● DATA SECTION

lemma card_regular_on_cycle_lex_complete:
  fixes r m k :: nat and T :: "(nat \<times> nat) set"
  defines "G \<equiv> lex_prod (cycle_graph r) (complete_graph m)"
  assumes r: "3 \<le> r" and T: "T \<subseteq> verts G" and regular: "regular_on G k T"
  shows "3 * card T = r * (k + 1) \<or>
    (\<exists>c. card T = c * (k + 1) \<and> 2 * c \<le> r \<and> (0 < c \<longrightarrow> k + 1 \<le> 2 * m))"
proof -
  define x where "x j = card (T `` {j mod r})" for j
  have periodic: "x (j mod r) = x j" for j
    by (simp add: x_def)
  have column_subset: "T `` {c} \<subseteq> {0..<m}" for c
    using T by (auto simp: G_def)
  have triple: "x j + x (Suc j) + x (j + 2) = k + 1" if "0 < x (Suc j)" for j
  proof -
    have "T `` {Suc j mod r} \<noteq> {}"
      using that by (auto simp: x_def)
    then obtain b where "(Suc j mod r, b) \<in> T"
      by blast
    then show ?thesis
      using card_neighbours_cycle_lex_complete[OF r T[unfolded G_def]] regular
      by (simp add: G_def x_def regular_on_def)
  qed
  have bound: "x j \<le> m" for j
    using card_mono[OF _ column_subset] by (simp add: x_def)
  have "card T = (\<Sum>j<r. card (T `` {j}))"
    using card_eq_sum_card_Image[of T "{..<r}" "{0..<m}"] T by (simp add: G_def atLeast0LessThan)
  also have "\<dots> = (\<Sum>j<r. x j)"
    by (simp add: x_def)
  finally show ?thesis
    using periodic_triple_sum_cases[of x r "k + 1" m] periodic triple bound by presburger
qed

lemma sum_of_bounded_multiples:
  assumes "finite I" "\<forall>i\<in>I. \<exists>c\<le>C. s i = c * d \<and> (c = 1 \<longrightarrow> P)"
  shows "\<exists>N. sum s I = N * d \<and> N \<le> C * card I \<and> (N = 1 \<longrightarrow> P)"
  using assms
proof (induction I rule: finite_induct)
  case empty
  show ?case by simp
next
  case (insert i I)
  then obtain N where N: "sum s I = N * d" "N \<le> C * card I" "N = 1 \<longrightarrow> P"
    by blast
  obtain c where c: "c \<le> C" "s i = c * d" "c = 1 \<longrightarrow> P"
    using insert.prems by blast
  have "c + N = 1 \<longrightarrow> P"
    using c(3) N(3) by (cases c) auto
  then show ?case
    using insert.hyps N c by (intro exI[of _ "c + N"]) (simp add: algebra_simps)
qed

==

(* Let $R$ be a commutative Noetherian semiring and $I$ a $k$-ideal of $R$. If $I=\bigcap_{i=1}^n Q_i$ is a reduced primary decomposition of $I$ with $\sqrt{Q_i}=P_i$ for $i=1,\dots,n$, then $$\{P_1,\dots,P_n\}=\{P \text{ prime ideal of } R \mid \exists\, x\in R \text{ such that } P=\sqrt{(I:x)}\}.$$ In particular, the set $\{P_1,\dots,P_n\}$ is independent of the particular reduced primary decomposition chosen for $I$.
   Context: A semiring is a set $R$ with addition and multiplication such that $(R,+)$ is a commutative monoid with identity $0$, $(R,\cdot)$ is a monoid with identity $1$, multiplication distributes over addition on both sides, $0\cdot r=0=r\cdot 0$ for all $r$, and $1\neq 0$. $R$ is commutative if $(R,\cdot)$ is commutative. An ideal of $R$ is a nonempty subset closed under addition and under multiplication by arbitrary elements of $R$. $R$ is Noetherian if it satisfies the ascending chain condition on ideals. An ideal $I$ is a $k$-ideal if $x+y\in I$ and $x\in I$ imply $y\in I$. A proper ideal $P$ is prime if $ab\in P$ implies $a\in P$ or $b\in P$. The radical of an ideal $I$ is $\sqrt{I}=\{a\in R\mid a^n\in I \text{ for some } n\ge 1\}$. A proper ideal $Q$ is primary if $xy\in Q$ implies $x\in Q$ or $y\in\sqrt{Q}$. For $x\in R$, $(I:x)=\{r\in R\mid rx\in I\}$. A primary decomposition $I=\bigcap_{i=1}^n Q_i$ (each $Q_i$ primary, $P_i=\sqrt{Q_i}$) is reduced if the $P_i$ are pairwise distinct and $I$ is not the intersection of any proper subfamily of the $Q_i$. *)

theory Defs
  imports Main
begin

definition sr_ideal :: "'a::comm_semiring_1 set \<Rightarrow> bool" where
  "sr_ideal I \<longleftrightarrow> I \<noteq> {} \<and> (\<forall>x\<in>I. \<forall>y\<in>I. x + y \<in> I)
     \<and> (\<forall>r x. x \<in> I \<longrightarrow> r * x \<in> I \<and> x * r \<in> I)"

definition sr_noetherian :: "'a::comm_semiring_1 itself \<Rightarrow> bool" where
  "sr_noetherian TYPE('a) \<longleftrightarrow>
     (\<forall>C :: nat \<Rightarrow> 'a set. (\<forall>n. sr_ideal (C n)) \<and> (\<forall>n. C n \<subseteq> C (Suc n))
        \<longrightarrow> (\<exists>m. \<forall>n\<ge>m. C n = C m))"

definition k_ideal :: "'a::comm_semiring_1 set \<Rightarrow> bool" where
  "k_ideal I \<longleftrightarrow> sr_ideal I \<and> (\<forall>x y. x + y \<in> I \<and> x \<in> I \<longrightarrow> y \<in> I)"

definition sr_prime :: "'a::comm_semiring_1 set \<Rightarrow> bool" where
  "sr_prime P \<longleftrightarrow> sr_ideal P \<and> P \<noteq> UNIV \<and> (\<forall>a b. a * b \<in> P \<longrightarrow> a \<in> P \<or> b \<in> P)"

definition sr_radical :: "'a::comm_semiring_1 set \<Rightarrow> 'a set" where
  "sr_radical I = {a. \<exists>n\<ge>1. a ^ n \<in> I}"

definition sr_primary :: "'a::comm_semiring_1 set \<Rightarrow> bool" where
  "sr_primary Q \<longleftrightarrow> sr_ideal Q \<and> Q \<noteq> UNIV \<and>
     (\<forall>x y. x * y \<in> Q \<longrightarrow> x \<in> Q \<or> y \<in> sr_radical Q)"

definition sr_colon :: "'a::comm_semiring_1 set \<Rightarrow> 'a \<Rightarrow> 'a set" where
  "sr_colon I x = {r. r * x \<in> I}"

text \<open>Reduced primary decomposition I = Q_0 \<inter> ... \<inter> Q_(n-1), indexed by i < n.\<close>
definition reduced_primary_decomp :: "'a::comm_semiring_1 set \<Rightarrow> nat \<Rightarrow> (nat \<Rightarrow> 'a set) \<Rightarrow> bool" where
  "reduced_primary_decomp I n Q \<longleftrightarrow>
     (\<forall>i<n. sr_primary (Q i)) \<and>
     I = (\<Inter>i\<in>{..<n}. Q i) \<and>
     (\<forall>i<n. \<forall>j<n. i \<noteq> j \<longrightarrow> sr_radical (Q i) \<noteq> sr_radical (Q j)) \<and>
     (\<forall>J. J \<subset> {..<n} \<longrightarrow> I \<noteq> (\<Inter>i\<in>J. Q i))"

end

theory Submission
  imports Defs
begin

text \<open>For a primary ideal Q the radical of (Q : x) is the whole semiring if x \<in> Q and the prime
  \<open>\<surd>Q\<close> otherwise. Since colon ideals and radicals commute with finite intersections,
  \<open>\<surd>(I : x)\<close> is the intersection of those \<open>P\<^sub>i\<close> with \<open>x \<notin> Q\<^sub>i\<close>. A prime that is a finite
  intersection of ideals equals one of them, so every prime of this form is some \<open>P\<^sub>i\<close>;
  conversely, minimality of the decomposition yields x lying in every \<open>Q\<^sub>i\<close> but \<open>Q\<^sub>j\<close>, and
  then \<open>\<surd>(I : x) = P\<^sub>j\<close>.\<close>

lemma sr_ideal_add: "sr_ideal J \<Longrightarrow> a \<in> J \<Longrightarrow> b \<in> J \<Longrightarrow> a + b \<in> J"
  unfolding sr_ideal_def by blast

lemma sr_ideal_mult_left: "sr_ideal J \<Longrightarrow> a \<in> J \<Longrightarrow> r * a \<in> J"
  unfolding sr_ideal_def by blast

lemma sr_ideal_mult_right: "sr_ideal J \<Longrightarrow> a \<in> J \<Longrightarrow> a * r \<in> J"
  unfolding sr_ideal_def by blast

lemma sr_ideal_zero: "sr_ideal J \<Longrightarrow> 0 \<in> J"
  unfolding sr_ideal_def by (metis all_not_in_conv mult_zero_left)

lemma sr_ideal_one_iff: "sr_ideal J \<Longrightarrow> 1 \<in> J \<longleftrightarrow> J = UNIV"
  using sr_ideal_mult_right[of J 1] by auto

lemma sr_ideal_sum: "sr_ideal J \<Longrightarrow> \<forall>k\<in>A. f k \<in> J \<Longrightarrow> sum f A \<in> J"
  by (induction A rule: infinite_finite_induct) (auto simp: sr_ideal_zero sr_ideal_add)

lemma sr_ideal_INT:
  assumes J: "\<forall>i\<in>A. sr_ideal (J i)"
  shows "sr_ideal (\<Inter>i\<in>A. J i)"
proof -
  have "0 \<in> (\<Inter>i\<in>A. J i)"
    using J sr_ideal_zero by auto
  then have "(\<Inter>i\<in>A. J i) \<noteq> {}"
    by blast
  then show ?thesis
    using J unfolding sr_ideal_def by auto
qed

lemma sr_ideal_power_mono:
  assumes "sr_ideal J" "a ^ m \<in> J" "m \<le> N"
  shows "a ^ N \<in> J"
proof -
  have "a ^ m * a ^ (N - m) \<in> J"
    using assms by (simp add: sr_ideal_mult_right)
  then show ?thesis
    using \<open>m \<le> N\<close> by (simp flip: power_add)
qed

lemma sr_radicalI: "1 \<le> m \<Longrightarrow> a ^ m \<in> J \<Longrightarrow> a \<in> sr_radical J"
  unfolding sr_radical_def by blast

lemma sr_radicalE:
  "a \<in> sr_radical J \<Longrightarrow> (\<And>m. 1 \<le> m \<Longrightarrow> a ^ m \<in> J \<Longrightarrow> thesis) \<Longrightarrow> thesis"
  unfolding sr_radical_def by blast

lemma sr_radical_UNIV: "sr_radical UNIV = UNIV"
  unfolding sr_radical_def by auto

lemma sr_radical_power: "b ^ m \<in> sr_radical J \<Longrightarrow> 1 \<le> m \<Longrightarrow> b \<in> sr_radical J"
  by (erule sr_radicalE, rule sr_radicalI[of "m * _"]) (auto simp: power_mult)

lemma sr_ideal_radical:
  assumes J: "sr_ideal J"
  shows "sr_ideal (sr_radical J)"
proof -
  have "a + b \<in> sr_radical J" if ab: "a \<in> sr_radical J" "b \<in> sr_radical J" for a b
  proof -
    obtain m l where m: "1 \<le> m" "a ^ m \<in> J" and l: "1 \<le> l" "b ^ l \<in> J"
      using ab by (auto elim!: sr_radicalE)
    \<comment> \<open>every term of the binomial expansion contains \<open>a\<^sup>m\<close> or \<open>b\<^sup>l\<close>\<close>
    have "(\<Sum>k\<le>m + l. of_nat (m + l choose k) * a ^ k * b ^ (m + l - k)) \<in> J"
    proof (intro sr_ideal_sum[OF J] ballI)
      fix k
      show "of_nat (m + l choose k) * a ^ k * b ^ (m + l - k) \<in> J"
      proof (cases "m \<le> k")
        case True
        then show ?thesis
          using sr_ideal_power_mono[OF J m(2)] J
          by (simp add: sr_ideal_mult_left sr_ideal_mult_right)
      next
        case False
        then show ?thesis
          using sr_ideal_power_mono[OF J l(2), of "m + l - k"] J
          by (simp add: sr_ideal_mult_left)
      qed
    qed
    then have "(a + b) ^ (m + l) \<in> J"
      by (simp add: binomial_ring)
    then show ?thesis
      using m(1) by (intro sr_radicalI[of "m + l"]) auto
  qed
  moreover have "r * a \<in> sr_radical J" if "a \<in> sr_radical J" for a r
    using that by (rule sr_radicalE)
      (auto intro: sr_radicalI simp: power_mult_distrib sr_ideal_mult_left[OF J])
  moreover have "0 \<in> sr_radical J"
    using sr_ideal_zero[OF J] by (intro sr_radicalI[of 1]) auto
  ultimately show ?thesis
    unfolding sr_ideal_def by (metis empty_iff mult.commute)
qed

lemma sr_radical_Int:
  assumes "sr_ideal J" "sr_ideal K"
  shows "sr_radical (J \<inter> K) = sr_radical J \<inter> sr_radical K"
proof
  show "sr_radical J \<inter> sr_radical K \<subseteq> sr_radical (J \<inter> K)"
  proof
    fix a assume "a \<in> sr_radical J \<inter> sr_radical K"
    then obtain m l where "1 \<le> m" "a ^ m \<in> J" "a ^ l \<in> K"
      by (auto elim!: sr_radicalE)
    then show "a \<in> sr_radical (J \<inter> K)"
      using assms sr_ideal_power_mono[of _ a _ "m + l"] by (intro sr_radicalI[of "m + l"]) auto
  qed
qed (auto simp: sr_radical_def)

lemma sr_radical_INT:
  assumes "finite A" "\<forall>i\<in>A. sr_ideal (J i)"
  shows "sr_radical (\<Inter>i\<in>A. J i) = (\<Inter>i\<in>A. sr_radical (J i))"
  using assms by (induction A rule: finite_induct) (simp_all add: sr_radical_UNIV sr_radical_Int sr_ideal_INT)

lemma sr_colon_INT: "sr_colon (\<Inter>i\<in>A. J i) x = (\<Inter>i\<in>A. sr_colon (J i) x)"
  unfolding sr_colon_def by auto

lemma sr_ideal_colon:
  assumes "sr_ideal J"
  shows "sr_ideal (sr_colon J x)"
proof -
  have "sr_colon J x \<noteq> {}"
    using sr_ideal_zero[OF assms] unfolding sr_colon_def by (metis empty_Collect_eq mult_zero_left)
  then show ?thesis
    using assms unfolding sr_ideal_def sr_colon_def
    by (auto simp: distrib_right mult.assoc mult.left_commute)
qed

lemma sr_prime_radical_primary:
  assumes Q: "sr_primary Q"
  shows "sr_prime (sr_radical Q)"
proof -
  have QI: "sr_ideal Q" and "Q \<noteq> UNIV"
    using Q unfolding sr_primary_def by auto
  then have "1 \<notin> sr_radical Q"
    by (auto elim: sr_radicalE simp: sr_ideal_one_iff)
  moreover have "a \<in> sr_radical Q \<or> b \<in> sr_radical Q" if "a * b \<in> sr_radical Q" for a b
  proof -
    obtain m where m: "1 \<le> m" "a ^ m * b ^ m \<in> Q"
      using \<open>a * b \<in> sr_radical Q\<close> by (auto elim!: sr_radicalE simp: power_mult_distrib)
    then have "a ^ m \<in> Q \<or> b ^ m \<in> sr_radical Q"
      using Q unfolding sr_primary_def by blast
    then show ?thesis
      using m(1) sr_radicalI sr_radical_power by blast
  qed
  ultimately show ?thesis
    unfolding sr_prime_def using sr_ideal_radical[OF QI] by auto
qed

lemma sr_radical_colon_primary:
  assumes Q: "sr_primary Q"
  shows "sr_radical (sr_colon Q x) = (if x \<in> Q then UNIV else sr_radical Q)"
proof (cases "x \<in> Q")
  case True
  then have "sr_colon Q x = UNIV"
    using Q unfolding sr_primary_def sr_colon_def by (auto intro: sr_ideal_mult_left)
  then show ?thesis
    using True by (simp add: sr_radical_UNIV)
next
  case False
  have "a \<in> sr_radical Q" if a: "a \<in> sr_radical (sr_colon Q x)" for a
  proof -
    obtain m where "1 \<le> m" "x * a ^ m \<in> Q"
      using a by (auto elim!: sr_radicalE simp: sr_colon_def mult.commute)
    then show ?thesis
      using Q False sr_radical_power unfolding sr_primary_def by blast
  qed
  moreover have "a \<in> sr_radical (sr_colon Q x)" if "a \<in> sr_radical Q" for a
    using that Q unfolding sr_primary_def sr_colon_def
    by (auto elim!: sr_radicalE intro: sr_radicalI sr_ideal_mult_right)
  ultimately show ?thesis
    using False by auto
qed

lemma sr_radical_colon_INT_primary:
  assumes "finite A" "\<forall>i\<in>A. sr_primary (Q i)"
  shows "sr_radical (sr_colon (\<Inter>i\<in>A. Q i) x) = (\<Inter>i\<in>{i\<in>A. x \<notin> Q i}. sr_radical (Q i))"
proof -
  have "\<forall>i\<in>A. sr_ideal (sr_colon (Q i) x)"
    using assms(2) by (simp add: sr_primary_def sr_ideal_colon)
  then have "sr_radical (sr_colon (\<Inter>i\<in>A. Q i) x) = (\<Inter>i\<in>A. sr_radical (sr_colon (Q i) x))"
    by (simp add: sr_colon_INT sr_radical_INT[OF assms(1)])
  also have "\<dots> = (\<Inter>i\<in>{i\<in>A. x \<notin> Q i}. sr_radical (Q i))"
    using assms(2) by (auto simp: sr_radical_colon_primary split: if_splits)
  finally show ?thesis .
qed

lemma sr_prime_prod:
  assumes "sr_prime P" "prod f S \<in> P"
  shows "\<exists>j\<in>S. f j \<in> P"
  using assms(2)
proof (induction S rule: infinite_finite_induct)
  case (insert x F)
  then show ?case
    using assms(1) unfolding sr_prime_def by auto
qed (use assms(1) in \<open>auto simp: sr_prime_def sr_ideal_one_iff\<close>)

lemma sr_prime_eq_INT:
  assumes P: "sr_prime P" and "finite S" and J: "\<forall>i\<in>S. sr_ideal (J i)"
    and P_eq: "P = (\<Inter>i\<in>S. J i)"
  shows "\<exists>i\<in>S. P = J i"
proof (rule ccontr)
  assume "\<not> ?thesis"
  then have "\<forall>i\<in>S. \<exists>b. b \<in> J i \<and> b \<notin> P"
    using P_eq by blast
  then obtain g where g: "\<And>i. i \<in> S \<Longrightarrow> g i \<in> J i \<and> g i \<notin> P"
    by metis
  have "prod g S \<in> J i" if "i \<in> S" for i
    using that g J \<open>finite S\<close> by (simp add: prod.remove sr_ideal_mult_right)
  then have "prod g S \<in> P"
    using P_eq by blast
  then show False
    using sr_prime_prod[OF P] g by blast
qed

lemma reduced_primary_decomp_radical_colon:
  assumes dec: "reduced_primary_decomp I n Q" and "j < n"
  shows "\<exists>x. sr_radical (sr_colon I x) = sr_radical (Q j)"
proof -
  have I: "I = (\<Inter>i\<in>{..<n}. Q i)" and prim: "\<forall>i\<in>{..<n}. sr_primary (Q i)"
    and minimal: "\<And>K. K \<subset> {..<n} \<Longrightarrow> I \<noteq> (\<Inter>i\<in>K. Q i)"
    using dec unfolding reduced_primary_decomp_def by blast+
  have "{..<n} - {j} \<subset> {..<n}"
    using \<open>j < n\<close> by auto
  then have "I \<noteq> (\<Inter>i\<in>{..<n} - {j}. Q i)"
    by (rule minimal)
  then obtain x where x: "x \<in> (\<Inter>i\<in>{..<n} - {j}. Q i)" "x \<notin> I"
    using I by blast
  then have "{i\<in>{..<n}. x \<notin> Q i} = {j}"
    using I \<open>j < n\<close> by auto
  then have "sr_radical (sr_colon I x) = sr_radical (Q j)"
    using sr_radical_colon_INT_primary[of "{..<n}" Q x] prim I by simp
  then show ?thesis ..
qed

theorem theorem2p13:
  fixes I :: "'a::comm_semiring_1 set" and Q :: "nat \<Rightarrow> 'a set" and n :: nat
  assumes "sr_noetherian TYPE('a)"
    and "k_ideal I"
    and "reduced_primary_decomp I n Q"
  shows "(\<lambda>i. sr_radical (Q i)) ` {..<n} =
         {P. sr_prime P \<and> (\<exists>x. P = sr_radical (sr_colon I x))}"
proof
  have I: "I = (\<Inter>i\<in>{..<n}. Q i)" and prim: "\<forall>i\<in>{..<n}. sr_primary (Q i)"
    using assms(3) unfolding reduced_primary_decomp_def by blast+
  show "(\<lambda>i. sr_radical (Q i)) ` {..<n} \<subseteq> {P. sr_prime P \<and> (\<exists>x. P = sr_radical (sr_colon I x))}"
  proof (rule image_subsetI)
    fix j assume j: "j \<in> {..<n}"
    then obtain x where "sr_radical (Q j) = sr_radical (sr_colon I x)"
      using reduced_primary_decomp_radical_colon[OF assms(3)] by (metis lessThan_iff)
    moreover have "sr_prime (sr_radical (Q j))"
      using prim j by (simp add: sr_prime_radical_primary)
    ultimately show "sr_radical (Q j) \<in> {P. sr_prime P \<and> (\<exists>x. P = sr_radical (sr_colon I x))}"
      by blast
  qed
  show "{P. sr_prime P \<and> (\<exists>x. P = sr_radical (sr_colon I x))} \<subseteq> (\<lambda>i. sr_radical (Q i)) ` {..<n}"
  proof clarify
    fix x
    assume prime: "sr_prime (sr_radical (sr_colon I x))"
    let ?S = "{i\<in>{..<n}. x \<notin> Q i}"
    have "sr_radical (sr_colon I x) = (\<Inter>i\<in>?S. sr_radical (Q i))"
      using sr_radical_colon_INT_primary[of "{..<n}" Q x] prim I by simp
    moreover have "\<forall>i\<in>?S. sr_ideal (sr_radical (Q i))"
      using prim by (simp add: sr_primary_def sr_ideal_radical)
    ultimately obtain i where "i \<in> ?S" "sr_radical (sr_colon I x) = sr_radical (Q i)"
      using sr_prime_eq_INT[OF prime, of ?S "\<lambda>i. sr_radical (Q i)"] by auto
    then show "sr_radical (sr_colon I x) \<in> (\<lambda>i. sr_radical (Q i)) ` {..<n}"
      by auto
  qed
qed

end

...

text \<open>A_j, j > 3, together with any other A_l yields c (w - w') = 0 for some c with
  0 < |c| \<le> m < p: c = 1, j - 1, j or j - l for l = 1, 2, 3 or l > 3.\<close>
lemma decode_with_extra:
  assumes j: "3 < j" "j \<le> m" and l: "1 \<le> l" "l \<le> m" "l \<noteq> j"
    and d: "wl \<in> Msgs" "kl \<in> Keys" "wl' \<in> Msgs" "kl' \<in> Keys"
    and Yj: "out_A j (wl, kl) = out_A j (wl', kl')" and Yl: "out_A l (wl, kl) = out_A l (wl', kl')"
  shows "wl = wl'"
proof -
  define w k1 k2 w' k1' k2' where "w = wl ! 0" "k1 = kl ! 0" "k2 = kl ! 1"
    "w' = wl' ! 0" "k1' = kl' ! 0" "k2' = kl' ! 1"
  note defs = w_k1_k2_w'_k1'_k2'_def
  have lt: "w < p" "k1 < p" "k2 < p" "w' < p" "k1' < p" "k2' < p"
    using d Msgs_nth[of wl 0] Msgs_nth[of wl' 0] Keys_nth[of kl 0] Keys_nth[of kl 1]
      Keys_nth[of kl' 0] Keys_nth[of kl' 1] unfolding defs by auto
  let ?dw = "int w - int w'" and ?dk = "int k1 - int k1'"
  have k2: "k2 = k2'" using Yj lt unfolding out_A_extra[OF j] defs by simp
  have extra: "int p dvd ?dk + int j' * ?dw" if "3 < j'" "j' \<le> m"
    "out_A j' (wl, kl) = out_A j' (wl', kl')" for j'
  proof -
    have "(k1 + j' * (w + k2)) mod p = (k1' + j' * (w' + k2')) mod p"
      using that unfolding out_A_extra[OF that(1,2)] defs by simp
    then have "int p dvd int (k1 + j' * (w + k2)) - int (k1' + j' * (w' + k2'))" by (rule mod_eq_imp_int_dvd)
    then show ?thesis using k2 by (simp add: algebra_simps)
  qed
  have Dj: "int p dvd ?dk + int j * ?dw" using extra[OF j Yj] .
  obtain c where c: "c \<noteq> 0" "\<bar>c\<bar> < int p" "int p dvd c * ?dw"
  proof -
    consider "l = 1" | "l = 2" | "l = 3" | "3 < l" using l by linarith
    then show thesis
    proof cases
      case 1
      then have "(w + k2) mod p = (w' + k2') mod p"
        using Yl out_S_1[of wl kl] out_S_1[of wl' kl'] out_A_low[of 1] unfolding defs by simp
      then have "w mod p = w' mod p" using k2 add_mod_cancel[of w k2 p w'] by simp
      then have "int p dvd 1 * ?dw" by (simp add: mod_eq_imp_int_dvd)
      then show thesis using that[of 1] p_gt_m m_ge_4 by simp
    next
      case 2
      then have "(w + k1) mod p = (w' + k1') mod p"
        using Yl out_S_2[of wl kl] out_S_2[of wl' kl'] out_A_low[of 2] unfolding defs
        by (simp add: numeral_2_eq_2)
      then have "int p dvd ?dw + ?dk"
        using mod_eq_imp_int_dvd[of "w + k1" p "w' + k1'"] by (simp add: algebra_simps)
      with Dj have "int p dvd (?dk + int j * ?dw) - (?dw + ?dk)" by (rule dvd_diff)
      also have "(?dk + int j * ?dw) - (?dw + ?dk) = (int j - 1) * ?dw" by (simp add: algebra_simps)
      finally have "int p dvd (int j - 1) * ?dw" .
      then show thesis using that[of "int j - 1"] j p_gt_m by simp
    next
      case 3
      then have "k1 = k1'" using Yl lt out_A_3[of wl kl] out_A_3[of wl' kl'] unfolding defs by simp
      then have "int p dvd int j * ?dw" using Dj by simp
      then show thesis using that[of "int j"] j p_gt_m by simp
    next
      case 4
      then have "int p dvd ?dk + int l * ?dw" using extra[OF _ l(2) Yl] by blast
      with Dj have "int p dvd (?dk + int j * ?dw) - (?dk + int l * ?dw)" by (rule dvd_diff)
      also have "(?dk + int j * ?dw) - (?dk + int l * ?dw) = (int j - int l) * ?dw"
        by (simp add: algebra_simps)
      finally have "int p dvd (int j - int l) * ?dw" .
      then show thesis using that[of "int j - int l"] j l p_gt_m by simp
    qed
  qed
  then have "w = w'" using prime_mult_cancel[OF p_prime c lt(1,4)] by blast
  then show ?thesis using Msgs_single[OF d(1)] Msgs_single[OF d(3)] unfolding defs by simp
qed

● INSTRUCTIONS TO FOLLOW
Once you reach the line with "p dvd ?dw +" in the data above, copy it and every line after it exactly, up to and including the line with "l * ?dw) = (int".

● OUTPUT FOR THIS TASK
      then have "int p dvd ?dw + ?dk"
        using mod_eq_imp_int_dvd[of "w + k1" p "w' + k1'"] by (simp add: algebra_simps)
      with Dj have "int p dvd (?dk + int j * ?dw) - (?dw + ?dk)" by (rule dvd_diff)
      also have "(?dk + int j * ?dw) - (?dw + ?dk) = (int j - 1) * ?dw" by (simp add: algebra_simps)
      finally have "int p dvd (int j - 1) * ?dw" .
      then show thesis using that[of "int j - 1"] j p_gt_m by simp
    next
      case 3
      then have "k1 = k1'" using Yl lt out_A_3[of wl kl] out_A_3[of wl' kl'] unfolding defs by simp
      then have "int p dvd int j * ?dw" using Dj by simp
      then show thesis using that[of "int j"] j p_gt_m by simp
    next
      case 4
      then have "int p dvd ?dk + int l * ?dw" using extra[OF _ l(2) Yl] by blast
      with Dj have "int p dvd (?dk + int j * ?dw) - (?dk + int l * ?dw)" by (rule dvd_diff)
      also have "(?dk + int j * ?dw) - (?dk + int l * ?dw) = (int j - int l) * ?dw"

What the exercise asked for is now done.